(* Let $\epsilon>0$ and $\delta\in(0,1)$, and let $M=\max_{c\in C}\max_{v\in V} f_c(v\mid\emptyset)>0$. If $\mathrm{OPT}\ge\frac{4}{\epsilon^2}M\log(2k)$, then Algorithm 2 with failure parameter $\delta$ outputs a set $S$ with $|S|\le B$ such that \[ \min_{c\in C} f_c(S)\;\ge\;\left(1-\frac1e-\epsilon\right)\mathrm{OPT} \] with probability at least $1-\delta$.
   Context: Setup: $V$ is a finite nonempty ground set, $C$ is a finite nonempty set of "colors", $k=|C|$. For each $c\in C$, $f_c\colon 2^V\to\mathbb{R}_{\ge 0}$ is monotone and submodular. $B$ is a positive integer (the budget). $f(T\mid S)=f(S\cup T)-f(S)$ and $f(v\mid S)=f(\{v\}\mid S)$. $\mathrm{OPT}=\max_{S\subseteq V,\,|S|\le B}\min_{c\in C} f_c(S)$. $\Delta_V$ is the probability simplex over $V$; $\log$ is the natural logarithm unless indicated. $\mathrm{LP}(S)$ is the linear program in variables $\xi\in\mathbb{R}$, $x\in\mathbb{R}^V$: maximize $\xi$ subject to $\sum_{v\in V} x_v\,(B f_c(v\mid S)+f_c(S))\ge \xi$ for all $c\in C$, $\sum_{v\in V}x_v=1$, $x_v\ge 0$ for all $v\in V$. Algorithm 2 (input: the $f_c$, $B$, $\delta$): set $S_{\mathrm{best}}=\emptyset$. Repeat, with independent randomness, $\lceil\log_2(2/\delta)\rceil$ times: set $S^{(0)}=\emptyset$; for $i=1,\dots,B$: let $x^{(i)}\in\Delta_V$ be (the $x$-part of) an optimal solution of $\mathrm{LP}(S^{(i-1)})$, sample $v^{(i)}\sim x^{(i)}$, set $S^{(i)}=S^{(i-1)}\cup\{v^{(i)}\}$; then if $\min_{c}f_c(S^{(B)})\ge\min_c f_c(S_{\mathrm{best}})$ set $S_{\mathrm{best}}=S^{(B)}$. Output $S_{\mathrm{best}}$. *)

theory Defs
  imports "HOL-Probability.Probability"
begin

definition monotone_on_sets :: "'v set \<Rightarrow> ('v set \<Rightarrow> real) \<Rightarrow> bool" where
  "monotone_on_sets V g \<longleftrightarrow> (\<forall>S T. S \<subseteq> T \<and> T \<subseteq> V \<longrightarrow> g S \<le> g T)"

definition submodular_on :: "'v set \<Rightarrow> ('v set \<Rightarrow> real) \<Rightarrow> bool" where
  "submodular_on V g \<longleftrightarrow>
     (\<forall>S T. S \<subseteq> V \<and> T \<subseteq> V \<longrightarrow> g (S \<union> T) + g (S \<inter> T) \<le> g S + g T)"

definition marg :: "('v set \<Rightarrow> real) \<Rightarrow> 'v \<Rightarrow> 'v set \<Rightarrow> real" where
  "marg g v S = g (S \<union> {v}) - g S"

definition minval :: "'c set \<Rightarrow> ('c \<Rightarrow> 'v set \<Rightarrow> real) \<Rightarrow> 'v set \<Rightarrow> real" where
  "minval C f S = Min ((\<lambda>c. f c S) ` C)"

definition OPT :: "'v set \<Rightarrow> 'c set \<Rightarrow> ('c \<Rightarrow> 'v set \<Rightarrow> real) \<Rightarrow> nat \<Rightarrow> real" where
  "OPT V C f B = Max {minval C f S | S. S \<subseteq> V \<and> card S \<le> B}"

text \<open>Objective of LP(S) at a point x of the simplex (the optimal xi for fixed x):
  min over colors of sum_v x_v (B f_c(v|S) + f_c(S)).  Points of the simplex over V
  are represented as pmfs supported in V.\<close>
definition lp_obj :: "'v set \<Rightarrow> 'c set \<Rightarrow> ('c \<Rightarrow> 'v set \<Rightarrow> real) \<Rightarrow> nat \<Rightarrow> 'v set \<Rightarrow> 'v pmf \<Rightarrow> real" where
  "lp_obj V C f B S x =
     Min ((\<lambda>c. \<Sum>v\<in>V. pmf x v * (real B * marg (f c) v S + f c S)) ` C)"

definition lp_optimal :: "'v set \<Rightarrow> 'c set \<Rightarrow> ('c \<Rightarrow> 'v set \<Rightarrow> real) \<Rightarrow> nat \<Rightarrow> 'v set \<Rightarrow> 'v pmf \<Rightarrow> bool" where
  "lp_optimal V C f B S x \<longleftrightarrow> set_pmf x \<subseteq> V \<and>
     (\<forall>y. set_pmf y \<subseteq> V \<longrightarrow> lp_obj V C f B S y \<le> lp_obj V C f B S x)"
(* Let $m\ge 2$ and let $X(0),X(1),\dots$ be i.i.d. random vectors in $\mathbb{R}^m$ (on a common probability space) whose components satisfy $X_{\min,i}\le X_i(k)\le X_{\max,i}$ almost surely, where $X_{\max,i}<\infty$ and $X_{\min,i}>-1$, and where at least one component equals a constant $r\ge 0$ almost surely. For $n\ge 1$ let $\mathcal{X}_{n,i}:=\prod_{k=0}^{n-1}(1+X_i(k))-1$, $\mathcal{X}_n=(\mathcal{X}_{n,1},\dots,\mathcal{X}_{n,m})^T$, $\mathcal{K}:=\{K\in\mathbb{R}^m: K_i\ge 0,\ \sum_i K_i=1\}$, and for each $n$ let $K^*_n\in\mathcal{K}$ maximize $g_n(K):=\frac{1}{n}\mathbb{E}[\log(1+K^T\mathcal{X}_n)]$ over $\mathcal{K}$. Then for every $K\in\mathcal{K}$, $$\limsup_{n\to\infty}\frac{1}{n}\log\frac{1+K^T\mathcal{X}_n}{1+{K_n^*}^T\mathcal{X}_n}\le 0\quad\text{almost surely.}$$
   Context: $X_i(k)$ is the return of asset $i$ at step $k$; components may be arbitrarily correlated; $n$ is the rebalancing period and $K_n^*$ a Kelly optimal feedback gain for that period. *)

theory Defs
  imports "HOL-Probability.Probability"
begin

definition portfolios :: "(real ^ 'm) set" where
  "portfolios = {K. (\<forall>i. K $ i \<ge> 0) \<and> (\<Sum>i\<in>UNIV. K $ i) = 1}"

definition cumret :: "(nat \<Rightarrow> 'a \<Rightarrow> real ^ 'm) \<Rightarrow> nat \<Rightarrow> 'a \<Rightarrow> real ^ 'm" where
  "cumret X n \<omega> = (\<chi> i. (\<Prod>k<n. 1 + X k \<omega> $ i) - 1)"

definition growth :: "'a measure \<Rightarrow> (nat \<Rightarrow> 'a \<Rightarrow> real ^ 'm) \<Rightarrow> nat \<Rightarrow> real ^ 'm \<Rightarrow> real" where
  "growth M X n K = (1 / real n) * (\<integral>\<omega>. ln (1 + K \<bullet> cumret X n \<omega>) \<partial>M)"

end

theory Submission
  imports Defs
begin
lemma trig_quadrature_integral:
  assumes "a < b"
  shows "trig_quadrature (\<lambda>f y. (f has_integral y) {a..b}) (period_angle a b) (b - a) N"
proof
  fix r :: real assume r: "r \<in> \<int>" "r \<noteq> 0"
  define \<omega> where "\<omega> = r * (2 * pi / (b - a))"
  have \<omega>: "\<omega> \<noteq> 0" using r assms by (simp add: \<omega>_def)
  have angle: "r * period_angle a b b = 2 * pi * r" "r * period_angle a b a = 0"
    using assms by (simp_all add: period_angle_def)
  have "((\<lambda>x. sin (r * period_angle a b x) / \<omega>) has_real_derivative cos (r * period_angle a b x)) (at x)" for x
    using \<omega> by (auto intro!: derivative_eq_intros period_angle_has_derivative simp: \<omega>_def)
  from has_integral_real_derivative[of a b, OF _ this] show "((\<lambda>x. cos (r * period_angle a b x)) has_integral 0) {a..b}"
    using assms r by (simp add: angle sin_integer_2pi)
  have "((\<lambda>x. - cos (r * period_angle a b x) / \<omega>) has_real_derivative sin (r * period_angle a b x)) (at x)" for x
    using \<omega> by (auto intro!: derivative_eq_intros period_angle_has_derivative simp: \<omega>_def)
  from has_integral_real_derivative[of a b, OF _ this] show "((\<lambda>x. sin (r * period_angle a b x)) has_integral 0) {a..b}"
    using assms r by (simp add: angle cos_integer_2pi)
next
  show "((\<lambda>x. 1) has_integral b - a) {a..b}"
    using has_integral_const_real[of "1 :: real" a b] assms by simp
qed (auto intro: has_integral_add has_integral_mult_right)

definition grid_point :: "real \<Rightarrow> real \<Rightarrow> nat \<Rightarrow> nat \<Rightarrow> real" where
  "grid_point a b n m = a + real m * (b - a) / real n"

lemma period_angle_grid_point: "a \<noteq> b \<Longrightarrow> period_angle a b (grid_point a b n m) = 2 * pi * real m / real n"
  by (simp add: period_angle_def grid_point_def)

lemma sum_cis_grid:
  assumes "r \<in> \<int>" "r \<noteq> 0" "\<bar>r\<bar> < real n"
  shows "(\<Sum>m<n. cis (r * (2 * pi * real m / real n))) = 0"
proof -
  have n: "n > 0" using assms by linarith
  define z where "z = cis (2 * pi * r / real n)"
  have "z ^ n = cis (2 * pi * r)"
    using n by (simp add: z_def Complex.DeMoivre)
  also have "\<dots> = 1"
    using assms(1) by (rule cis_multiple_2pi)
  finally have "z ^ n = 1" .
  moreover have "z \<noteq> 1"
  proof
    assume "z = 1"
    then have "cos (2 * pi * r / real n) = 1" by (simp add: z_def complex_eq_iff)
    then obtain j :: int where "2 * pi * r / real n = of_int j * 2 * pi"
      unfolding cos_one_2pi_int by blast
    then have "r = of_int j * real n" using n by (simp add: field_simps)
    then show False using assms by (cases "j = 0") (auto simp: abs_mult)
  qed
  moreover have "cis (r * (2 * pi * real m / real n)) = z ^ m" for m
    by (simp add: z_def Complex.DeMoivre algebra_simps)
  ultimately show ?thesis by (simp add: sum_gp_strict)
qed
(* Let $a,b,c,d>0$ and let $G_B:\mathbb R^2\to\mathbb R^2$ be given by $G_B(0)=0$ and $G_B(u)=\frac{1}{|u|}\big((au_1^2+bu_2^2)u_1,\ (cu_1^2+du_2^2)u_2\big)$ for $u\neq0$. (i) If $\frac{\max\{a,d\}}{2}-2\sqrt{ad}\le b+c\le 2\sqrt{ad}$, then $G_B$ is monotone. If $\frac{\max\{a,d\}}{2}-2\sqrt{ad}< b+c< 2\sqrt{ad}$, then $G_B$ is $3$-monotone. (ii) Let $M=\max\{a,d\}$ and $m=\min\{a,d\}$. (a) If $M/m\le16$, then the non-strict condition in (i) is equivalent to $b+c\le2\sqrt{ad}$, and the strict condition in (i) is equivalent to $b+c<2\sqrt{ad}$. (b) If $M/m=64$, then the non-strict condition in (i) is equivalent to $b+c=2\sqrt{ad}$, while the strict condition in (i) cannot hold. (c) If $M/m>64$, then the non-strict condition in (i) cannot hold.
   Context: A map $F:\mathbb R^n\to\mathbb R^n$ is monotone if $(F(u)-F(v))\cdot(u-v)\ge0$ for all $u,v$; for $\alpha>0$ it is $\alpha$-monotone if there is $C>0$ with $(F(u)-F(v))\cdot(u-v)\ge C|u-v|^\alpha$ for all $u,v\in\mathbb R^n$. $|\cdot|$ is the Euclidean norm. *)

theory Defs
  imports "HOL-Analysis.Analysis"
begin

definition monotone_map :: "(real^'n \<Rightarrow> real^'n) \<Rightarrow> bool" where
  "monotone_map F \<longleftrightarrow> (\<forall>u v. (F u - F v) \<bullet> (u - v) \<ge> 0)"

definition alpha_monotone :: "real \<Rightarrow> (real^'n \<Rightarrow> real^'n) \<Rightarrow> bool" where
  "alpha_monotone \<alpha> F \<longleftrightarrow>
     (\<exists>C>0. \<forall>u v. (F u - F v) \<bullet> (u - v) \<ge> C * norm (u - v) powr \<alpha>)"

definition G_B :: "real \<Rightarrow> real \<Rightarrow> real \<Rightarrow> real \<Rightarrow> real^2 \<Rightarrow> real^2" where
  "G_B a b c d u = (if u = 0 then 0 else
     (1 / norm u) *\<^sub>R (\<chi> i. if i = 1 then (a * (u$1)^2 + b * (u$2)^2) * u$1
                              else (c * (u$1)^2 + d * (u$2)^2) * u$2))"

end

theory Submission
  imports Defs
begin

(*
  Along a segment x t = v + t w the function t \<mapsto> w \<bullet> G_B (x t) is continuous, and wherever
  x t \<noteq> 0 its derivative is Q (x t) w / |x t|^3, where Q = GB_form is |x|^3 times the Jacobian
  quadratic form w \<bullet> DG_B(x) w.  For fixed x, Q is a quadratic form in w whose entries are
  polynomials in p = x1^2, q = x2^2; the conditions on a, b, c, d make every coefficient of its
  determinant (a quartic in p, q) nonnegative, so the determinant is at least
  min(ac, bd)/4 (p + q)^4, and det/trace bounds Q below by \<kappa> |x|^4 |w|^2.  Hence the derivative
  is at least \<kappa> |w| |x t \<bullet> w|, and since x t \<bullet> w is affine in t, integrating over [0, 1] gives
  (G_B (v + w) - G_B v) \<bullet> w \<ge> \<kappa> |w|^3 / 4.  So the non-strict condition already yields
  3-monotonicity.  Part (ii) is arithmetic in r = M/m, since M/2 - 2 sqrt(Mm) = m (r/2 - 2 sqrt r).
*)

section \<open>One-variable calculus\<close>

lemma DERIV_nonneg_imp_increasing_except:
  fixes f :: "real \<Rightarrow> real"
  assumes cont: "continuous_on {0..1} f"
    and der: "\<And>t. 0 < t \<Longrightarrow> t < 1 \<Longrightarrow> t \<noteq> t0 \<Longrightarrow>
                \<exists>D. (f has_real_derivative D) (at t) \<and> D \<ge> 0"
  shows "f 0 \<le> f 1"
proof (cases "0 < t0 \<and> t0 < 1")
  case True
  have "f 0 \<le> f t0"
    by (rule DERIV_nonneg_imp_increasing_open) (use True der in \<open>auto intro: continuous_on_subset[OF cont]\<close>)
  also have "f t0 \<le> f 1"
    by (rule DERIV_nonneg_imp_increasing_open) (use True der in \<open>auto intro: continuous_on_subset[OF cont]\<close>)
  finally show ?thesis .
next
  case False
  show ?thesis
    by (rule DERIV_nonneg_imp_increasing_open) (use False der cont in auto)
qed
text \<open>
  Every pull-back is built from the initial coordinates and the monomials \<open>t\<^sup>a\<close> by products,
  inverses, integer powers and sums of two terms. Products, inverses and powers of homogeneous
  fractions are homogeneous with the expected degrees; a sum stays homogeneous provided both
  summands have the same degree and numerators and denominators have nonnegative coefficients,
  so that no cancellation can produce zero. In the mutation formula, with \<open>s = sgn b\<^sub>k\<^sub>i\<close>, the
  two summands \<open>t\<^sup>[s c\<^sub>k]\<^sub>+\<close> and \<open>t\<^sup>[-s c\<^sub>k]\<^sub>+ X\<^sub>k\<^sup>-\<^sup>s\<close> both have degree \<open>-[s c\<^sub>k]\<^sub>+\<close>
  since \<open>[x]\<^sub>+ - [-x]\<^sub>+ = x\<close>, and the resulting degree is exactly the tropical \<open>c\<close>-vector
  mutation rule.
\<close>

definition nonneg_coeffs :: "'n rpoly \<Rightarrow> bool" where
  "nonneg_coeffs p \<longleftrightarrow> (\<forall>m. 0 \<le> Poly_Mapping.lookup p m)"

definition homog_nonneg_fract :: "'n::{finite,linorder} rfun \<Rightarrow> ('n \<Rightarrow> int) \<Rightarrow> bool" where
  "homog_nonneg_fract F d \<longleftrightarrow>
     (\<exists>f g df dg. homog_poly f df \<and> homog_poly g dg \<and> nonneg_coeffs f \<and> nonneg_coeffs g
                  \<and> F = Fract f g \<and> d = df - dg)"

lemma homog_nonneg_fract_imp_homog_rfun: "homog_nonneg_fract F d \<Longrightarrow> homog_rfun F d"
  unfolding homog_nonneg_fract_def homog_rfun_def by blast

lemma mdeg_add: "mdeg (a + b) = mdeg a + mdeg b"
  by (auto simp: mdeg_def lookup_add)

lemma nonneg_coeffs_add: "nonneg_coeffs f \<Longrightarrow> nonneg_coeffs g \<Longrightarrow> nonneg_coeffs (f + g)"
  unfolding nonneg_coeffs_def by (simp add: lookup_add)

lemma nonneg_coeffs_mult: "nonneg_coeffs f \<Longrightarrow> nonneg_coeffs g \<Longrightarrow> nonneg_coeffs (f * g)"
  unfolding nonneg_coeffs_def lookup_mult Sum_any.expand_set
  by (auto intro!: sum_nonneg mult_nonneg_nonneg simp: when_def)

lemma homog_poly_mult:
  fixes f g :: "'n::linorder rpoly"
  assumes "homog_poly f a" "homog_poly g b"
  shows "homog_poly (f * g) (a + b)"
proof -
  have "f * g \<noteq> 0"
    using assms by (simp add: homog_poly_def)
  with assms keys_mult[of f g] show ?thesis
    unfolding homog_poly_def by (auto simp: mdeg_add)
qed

Work to complete –
Only lines holding the word "finally" are wanted; copy each one from the listing.

Task response –
  finally have "z ^ n = 1" .
  finally show ?thesis .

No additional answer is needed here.